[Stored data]
==============================
lemma card_permutations_first_arc:
  assumes "finite X" "A \<subseteq> ksubsets X d"
  shows "card {xs \<in> permutations_of_set X. arc xs d 0 \<in> A} = card A * (fact d * fact (card X - d))"
proof -
  let ?P = "permutations_of_set X"
  have "finite A" using assms finite_ksubsets finite_subset by blast
  have "{xs \<in> ?P. arc xs d 0 \<in> A} = (\<Union>F\<in>A. {xs \<in> ?P. set (take d xs) = F})"
    by (auto simp: arc_def)
  also have "card \<dots> = (\<Sum>F\<in>A. card {xs \<in> ?P. set (take d xs) = F})"
    by (rule card_UN_disjoint) (use \<open>finite A\<close> in auto)
  also have "\<dots> = (\<Sum>F\<in>A. fact d * fact (card X - d))"
    by (intro sum.cong refl card_permutations_with_prefix assms(1))
       (use assms(2) in \<open>auto simp: ksubsets_def\<close>)
  finally show ?thesis by simp
qed

lemma sum_card_arcs:
  assumes "finite X" "A \<subseteq> ksubsets X d"
  shows "(\<Sum>xs\<in>permutations_of_set X. card {i. i < card X \<and> arc xs d i \<in> A})
           = card X * (card A * (fact d * fact (card X - d)))"
proof -
  let ?P = "permutations_of_set X" and ?n = "card X"
  have "(\<Sum>xs\<in>?P. card {i. i < ?n \<and> arc xs d i \<in> A})
      = (\<Sum>xs\<in>?P. \<Sum>i<?n. of_bool (arc xs d i \<in> A))"
    by (simp only: card_Collect_less_eq_sum_of_bool)
  also have "\<dots> = (\<Sum>i<?n. \<Sum>xs\<in>?P. of_bool (arc xs d i \<in> A))"
    by (rule sum.swap)
  also have "\<dots> = (\<Sum>i<?n. card {xs \<in> ?P. arc xs d i \<in> A})"
    by (simp only: card_Collect_eq_sum_of_bool[OF finite_permutations_of_set])
  also have "\<dots> = (\<Sum>i<?n. card {xs \<in> ?P. arc xs d 0 \<in> A})"
    by (intro sum.cong refl card_permutations_arc_in)
  finally show ?thesis using card_permutations_first_arc[OF assms] by simp
qed
lemma continuous_conf_on_uniform:
  fixes \<phi> :: "(int \<Rightarrow> 'b) \<Rightarrow> (int \<Rightarrow> 'a)"
  assumes "finite B" and "closed_conf Y" and range_Y: "\<And>y. y \<in> Y \<Longrightarrow> range y \<subseteq> B"
    and cont: "continuous_conf_on Y \<phi>"
  shows "\<exists>m::nat. \<forall>y\<in>Y. \<forall>z\<in>Y. (\<forall>i. \<bar>i\<bar> \<le> int m \<longrightarrow> y i = z i) \<longrightarrow> \<phi> y 0 = \<phi> z 0"
proof (rule ccontr)
  assume "\<not> ?thesis"
  then have "\<forall>m. \<exists>y z. y \<in> Y \<and> z \<in> Y \<and> (\<forall>i. \<bar>i\<bar> \<le> int m \<longrightarrow> y i = z i)
      \<and> \<phi> y 0 \<noteq> \<phi> z 0"
    by blast
  then obtain ys zs where ys: "\<And>m. ys m \<in> Y" and zs: "\<And>m. zs m \<in> Y"
    and agree: "\<And>m i. \<bar>i\<bar> \<le> int m \<Longrightarrow> ys m i = zs m i"
    and differ: "\<And>m. \<phi> (ys m) 0 \<noteq> \<phi> (zs m) 0"
    by metis
  have "range (ys m) \<subseteq> B" for m
    using range_Y ys by blast
  then obtain y where y: "\<forall>k::nat. \<exists>m\<ge>k. \<forall>i. \<bar>i\<bar> \<le> int k \<longrightarrow> ys m i = y i"
    using finite_alphabet_cluster_point[OF \<open>finite B\<close>] by blast
  have "y \<in> Y"
    using \<open>closed_conf Y\<close> y ys unfolding closed_conf_def by blast
  then obtain m0 :: nat where
    m0: "\<forall>w\<in>Y. (\<forall>i. \<bar>i\<bar> \<le> int m0 \<longrightarrow> w i = y i)
      \<longrightarrow> (\<forall>i. \<bar>i\<bar> \<le> int 0 \<longrightarrow> \<phi> w i = \<phi> y i)"
    using cont unfolding continuous_conf_on_def by blast
  obtain m where "m0 \<le> m" and ys_close: "\<forall>i. \<bar>i\<bar> \<le> int m0 \<longrightarrow> ys m i = y i"
    using y by blast
  have zs_close: "\<forall>i. \<bar>i\<bar> \<le> int m0 \<longrightarrow> zs m i = y i"
  proof (intro allI impI)
    fix i assume "\<bar>i\<bar> \<le> int m0"
    moreover from this have "\<bar>i\<bar> \<le> int m"
      using \<open>m0 \<le> m\<close> by linarith
    ultimately show "zs m i = y i"
      using agree[of i m] ys_close by simp
  qed
  have "\<phi> (ys m) 0 = \<phi> y 0" and "\<phi> (zs m) 0 = \<phi> y 0"
    using m0[rule_format, OF ys ys_close[rule_format], of 0]
      m0[rule_format, OF zs zs_close[rule_format], of 0]
    by simp_all
  with differ[of m] show False by simp
qed

definition block_code :: "nat \<Rightarrow> (int \<Rightarrow> 'b) set \<Rightarrow> (int \<Rightarrow> 'b) \<Rightarrow> (int \<Rightarrow> bool)" where
  "block_code m T y = (\<lambda>i. restrict (shift (-i) y) {-int m..int m} \<in> T)"

lemma equivariant_on_eq_block_code:
  fixes \<phi> :: "(int \<Rightarrow> 'b) \<Rightarrow> (int \<Rightarrow> bool)"
  assumes shift_Y: "\<And>g y. y \<in> Y \<Longrightarrow> shift g y \<in> Y"
    and range_Y: "\<And>y. y \<in> Y \<Longrightarrow> range y \<subseteq> B"
    and equiv: "equivariant_on Y \<phi>"
    and m: "\<forall>y\<in>Y. \<forall>z\<in>Y. (\<forall>i. \<bar>i\<bar> \<le> int m \<longrightarrow> y i = z i) \<longrightarrow> \<phi> y 0 = \<phi> z 0"
  shows "\<exists>T \<subseteq> {-int m..int m} \<rightarrow>\<^sub>E B. \<forall>y\<in>Y. \<phi> y = block_code m T y"
proof -
  let ?W = "{-int m..int m}"
  define T where "T = {restrict y ?W | y. y \<in> Y \<and> \<phi> y 0}"
  have "T \<subseteq> ?W \<rightarrow>\<^sub>E B"
    by (auto simp: T_def intro: range_subsetD[OF range_Y])
  have local_rule: "\<phi> y 0 \<longleftrightarrow> restrict y ?W \<in> T" if "y \<in> Y" for y
  proof
    show "\<phi> y 0 \<Longrightarrow> restrict y ?W \<in> T"
      using that by (auto simp: T_def)
  next
    assume "restrict y ?W \<in> T"
    then obtain y' where "y' \<in> Y" "\<phi> y' 0" and same: "restrict y' ?W = restrict y ?W"
      by (auto simp: T_def)
    have "y' i = y i" if "\<bar>i\<bar> \<le> int m" for i
      using fun_cong[OF same, of i] that by (simp add: abs_le_iff)
    then show "\<phi> y 0"
      using m \<open>y' \<in> Y\<close> \<open>y \<in> Y\<close> \<open>\<phi> y' 0\<close> by blast
  qed
  have "\<forall>y\<in>Y. \<phi> y = block_code m T y"
  proof (intro ballI ext)
    fix y i assume "y \<in> Y"
    have "\<phi> (shift (-i) y) = shift (-i) (\<phi> y)"
      using equiv \<open>y \<in> Y\<close> unfolding equivariant_on_def by blast
    then have "\<phi> y i = \<phi> (shift (-i) y) 0"
      by (simp add: shift_def)
    then show "\<phi> y i = block_code m T y i"
      using local_rule[OF shift_Y[OF \<open>y \<in> Y\<close>]] by (simp add: block_code_def)
  qed
  with \<open>T \<subseteq> ?W \<rightarrow>\<^sub>E B\<close> show ?thesis
    by (intro exI[of _ T]) simp
qed

lemma sofic_eq_block_code_image:
  fixes X :: "(int \<Rightarrow> bool) set"
  assumes "sofic X"
  shows "\<exists>B \<Omega> P m T. finite B \<and> finite \<Omega> \<and> P \<subseteq> \<Omega> \<rightarrow>\<^sub>E B \<and> T \<subseteq> {-int m..int m} \<rightarrow>\<^sub>E B
    \<and> X = block_code m T ` SFT_set B \<Omega> P"
proof -
  obtain B Y and \<phi> :: "(int \<Rightarrow> nat) \<Rightarrow> (int \<Rightarrow> bool)" where "SFT_over B Y"
    and cont: "continuous_conf_on Y \<phi>" and equiv: "equivariant_on Y \<phi>" and onto: "\<phi> ` Y = X"
    using assms unfolding sofic_def by blast
  then obtain \<Omega> P where "finite B" "finite \<Omega>" "P \<subseteq> \<Omega> \<rightarrow>\<^sub>E B" and Y: "Y = SFT_set B \<Omega> P"
    by (auto simp: SFT_over_iff)
  have range_Y: "range y \<subseteq> B" if "y \<in> Y" for y
    using that by (simp add: Y SFT_set_def)
  obtain m :: nat where
    uniform: "\<forall>y\<in>Y. \<forall>z\<in>Y. (\<forall>i. \<bar>i\<bar> \<le> int m \<longrightarrow> y i = z i) \<longrightarrow> \<phi> y 0 = \<phi> z 0"
    using continuous_conf_on_uniform[OF \<open>finite B\<close> _ range_Y cont] closed_SFT_set[OF \<open>finite \<Omega>\<close>]
    unfolding Y by blast
  have shift_Y: "shift g y \<in> Y" if "y \<in> Y" for g y
    using that shift_SFT_set unfolding Y by blast
  obtain T where T: "T \<subseteq> {-int m..int m} \<rightarrow>\<^sub>E B \<and> (\<forall>y\<in>Y. \<phi> y = block_code m T y)"
    using equivariant_on_eq_block_code[OF shift_Y range_Y equiv uniform] ..
  then have "X = block_code m T ` SFT_set B \<Omega> P"
    unfolding onto[symmetric] Y[symmetric] by (simp cong: image_cong)
  with T show ?thesis
    using \<open>finite B\<close> \<open>finite \<Omega>\<close> \<open>P \<subseteq> \<Omega> \<rightarrow>\<^sub>E B\<close> by blast
qed

lemma countable_sofic: "countable {X :: (int \<Rightarrow> bool) set. sofic X}"
proof -
  define params where "params = (SIGMA B:{B :: nat set. finite B}. SIGMA \<Omega>:{\<Omega> :: int set. finite \<Omega>}.
    SIGMA P:Pow (\<Omega> \<rightarrow>\<^sub>E B). SIGMA m:UNIV. Pow ({-int m..int m} \<rightarrow>\<^sub>E B))"
  have patterns: "countable (Pow (\<Omega> \<rightarrow>\<^sub>E B))" if "finite \<Omega>" and "finite B"
    for \<Omega> :: "int set" and B :: "nat set"
    using that by (simp add: countable_finite finite_PiE)
  have "countable params"
    unfolding params_def
    by (intro countable_SIGMA countable_Collect_finite countableI_type) (simp_all add: patterns)
  moreover have "{X. sofic X} \<subseteq> (\<lambda>(B, \<Omega>, P, m, T). block_code m T ` SFT_set B \<Omega> P) ` params"
    using sofic_eq_block_code_image by (fastforce simp: params_def)
  ultimately show ?thesis
    by (meson countable_image countable_subset)
qed
lemma clifton_quartic_solution:
  fixes x y :: real
  assumes "0 \<le> x" "x \<le> 1" "0 \<le> y" "y < 1"
    and quartic: "(1 - x * y)\<^sup>2 = (8 - 9 * y) * y * x * (1 - x)"
  shows "x = 3/4 \<and> y = 2/3"
proof -
  have "0 < y"
    using quartic assms(3) by (cases "y = 0") auto
  have "y < 8/9"
  proof (rule ccontr)
    assume "\<not> y < 8/9"
    then have "(8 - 9 * y) * y * x * (1 - x) \<le> 0"
      using assms(1-3) by (simp add: mult_nonpos_nonneg)
    moreover have "x * y < 1"
      using mult_left_le[of x y] assms(2-4) by (simp add: mult.commute)
    then have "(1 - x * y)\<^sup>2 > 0"
      by simp
    ultimately show False
      using quartic by simp
  qed
  have "32 * y * (1 - y) * ((1 - x * y)\<^sup>2 - (8 - 9 * y) * y * x * (1 - x))
      = (16 * y * (1 - y) * x - y * (10 - 9 * y))\<^sup>2 + y * (8 - 9 * y) * (3 * y - 2)\<^sup>2"
    by (simp add: algebra_simps power2_eq_square)
  then have sos: "(16 * y * (1 - y) * x - y * (10 - 9 * y))\<^sup>2 + y * (8 - 9 * y) * (3 * y - 2)\<^sup>2 = 0"
    using quartic by simp
  have "y * (8 - 9 * y) * (3 * y - 2)\<^sup>2 \<ge> 0"
    using \<open>0 < y\<close> \<open>y < 8/9\<close> by simp
  then have "y * (8 - 9 * y) * (3 * y - 2)\<^sup>2 = 0"
    and "(16 * y * (1 - y) * x - y * (10 - 9 * y))\<^sup>2 = 0"
    using sos by (smt (verit) zero_le_power2)+
  then have "16 * y * (1 - y) * x = y * (10 - 9 * y)" and "y = 2/3"
    using \<open>0 < y\<close> \<open>y < 8/9\<close> by simp_all
  then show ?thesis
    by simp
qed

text \<open>In the application X, Y, Z are the inner products of v8 with v2, v4, v3, and
  c = v3 \<bullet> v4, \<beta> = v2 \<bullet> v3, p = v1 \<bullet> v4, while \<gamma>, \<delta> are the components of v3, v4
  along v1 \<times> v2.\<close>

lemma clifton_angle_equations:
  fixes X Y Z c \<beta> \<gamma> p \<delta> :: real
  assumes Y: "Y = c * Z" and Z: "Z = X * \<beta> + Y * c" and XY: "X\<^sup>2 + Y\<^sup>2 = 1"
    and Yp: "(Y * p)\<^sup>2 = 1/9" and c: "c = \<gamma> * \<delta>"
    and \<beta>\<gamma>: "\<beta>\<^sup>2 + \<gamma>\<^sup>2 = 1" and p\<delta>: "p\<^sup>2 + \<delta>\<^sup>2 = 1"
  shows "\<beta>\<^sup>2 = 1/4 \<and> p\<^sup>2 = 1/3"
proof -
  have "Y * (1 - c\<^sup>2) = c * \<beta> * X"
    using Y Z by (simp add: algebra_simps power2_eq_square)
  then have "Y\<^sup>2 * (1 - c\<^sup>2)\<^sup>2 = c\<^sup>2 * \<beta>\<^sup>2 * (1 - Y\<^sup>2)"
    using XY by (metis add_diff_cancel_right' power_mult_distrib)
  then have Y_sq: "Y\<^sup>2 * ((1 - c\<^sup>2)\<^sup>2 + c\<^sup>2 * \<beta>\<^sup>2) = c\<^sup>2 * \<beta>\<^sup>2"
    by (simp add: algebra_simps)
  have "(1 - c\<^sup>2)\<^sup>2 + c\<^sup>2 * \<beta>\<^sup>2 = 9 * (Y * p)\<^sup>2 * ((1 - c\<^sup>2)\<^sup>2 + c\<^sup>2 * \<beta>\<^sup>2)"
    using Yp by simp
  also have "\<dots> = 9 * p\<^sup>2 * c\<^sup>2 * \<beta>\<^sup>2"
    using Y_sq by (simp add: power_mult_distrib)
  finally have "(1 - \<gamma>\<^sup>2 * \<delta>\<^sup>2)\<^sup>2 = (8 - 9 * \<delta>\<^sup>2) * \<delta>\<^sup>2 * \<gamma>\<^sup>2 * (1 - \<gamma>\<^sup>2)"
    unfolding c using \<beta>\<gamma> p\<delta> by algebra
  moreover have "\<gamma>\<^sup>2 \<le> 1"
    using \<beta>\<gamma> zero_le_power2[of \<beta>] by linarith
  moreover have "0 < p\<^sup>2"
    using Yp by (cases "p = 0") auto
  then have "\<delta>\<^sup>2 < 1"
    using p\<delta> by linarith
  ultimately have "\<gamma>\<^sup>2 = 3/4 \<and> \<delta>\<^sup>2 = 2/3"
    by (intro clifton_quartic_solution) simp_all
  then show ?thesis
    using \<beta>\<gamma> p\<delta> by simp
qed

lemma inner_real3: "(x::real^3) \<bullet> y = x$1 * y$1 + x$2 * y$2 + x$3 * y$3"
  by (simp add: inner_vec_def sum_3)

lemma matrix_rows3_mult:
  "(vector [a, b, c] :: real^3^3) *v x = vector [a \<bullet> x, b \<bullet> x, c \<bullet> x]"
  by (simp add: vec_eq_iff forall_3 matrix_vector_mult_def inner_vec_def sum_3 mult.commute)

lemma orthogonal_matrix_rows3:
  fixes a b c :: "real^3"
  assumes "norm a = 1" "norm b = 1" "norm c = 1" "a \<bullet> b = 0" "a \<bullet> c = 0" "b \<bullet> c = 0"
  shows "orthogonal_matrix (vector [a, b, c] :: real^3^3)"
proof -
  have "row i M = M $ i" for i and M :: "real^3^3"
    by (simp add: row_def vec_eq_iff)
  then show ?thesis
    using assms unfolding orthogonal_matrix_orthonormal_rows
    by (auto simp: forall_3 orthogonal_def inner_commute)
qed

lemma orthogonal_matrix_inner:
  fixes Q :: "real^'n^'n"
  assumes "orthogonal_matrix Q"
  shows "(Q *v x) \<bullet> (Q *v y) = x \<bullet> y"
proof -
  have "orthogonal_transformation ((*v) Q)"
    using assms by (simp add: orthogonal_transformation_matrix matrix_vector_mul_linear)
  then show ?thesis
    unfolding orthogonal_transformation_def by blast
qed

lemma orthogonal_matrix_transpose_mult_cancel:
  "orthogonal_matrix Q \<Longrightarrow> transpose Q *v (Q *v x) = (x :: real^'n)"
  by (simp add: orthogonal_matrix matrix_vector_mul_assoc)

lemma inner_orthonormal3_expand:
  fixes a b c :: "real^3"
  assumes "norm a = 1" "norm b = 1" "norm c = 1" "a \<bullet> b = 0" "a \<bullet> c = 0" "b \<bullet> c = 0"
  shows "x \<bullet> y = (a \<bullet> x) * (a \<bullet> y) + (b \<bullet> x) * (b \<bullet> y) + (c \<bullet> x) * (c \<bullet> y)"
  using orthogonal_matrix_inner[OF orthogonal_matrix_rows3[OF assms], of x y]
  by (simp add: matrix_rows3_mult inner_real3)

lemma norm_cross3_orthonormal:
  assumes "norm a = 1" "norm b = 1" "a \<bullet> b = 0"
  shows "norm (cross3 a b) = 1"
  using norm_cross_dot[of a b] assms by (simp add: norm_eq_1 power2_norm_eq_inner)

lemma unit_normal_unique:
  fixes a b y c :: "real^3"
  assumes "cross3 a b \<noteq> 0"
    and "y \<bullet> a = 0" "y \<bullet> b = 0" "norm y = 1"
    and "c \<bullet> a = 0" "c \<bullet> b = 0" "norm c = 1"
  shows "y = c \<or> y = - c"
proof -
  define n where "n = cross3 a b"
  have parallel: "(n \<bullet> n) *\<^sub>R z = (n \<bullet> z) *\<^sub>R n" if "z \<bullet> a = 0" "z \<bullet> b = 0" for z
    using that unfolding n_def
    by (simp add: vec_eq_iff forall_3 cross3_def inner_real3) algebra
  have unit_coeff: "(n \<bullet> z)\<^sup>2 = n \<bullet> n" if "z \<bullet> a = 0" "z \<bullet> b = 0" "norm z = 1" for z
  proof -
    have "(n \<bullet> n) * (z \<bullet> z) = (n \<bullet> z) * (n \<bullet> z)"
      using arg_cong[OF parallel[OF that(1,2)], of "\<lambda>w. w \<bullet> z"] by simp
    then show ?thesis
      using that(3) by (simp add: norm_eq_1 power2_eq_square)
  qed
  have "(n \<bullet> y)\<^sup>2 = (n \<bullet> c)\<^sup>2"
    using unit_coeff[of y] unit_coeff[of c] assms(2-7) by simp
  then have "n \<bullet> y = n \<bullet> c \<or> n \<bullet> y = - (n \<bullet> c)"
    by (simp add: power2_eq_iff)
  then have "(n \<bullet> n) *\<^sub>R y = (n \<bullet> n) *\<^sub>R c \<or> (n \<bullet> n) *\<^sub>R y = (n \<bullet> n) *\<^sub>R (- c)"
    using parallel[of y] parallel[of c] assms(2-7) by auto
  moreover have "n \<bullet> n \<noteq> 0"
    using assms(1) unfolding n_def by simp
  ultimately show ?thesis
    by (metis scaleR_cancel_left)
qed

lemma unit_inner_square_eq_one:
  fixes \<psi> a :: "'a::real_inner"
  assumes "norm \<psi> = 1" "norm a = 1" "(\<psi> \<bullet> a)\<^sup>2 = 1"
  shows "\<psi> = a \<or> \<psi> = - a"
proof -
  have "\<bar>\<psi> \<bullet> a\<bar> = norm \<psi> * norm a"
    using assms by (auto simp: power2_eq_1_iff)
  then show ?thesis
    using assms(1,2) unfolding norm_cauchy_schwarz_abs_eq by auto
qed

lemma inner_orthonormal_cross3_expand:
  fixes a b :: "real^3"
  assumes "norm a = 1" "norm b = 1" "a \<bullet> b = 0"
  shows "x \<bullet> y = (a \<bullet> x) * (a \<bullet> y) + (b \<bullet> x) * (b \<bullet> y) + (cross3 a b \<bullet> x) * (cross3 a b \<bullet> y)"
  using assms norm_cross3_orthonormal[OF assms]
  by (intro inner_orthonormal3_expand) (simp_all add: dot_cross_self)

lemma proj_uminus: "proj (- x) = proj x"
  by (simp add: proj_def)

lemma proj_matrix_vector_mult: "proj (Q *v x) = Q ** proj x ** transpose Q"
  by (simp add: proj_def vec_eq_iff matrix_matrix_mult_def matrix_vector_mult_def
      transpose_def sum_3 forall_3 algebra_simps)

definition clifton_gadget :: "(nat \<Rightarrow> real^3) \<Rightarrow> bool" where
  "clifton_gadget v \<longleftrightarrow> (\<forall>i\<in>{1..8}. norm (v i) = 1) \<and> (\<forall>(i, j)\<in>clifton_edges. v i \<bullet> v j = 0)"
==============================
[What the task asks] Report, for the data above, every line in which the string "differ" appears.

[Written reply]
    and differ: "\<And>m. \<phi> (ys m) 0 \<noteq> \<phi> (zs m) 0"
  with differ[of m] show False by simp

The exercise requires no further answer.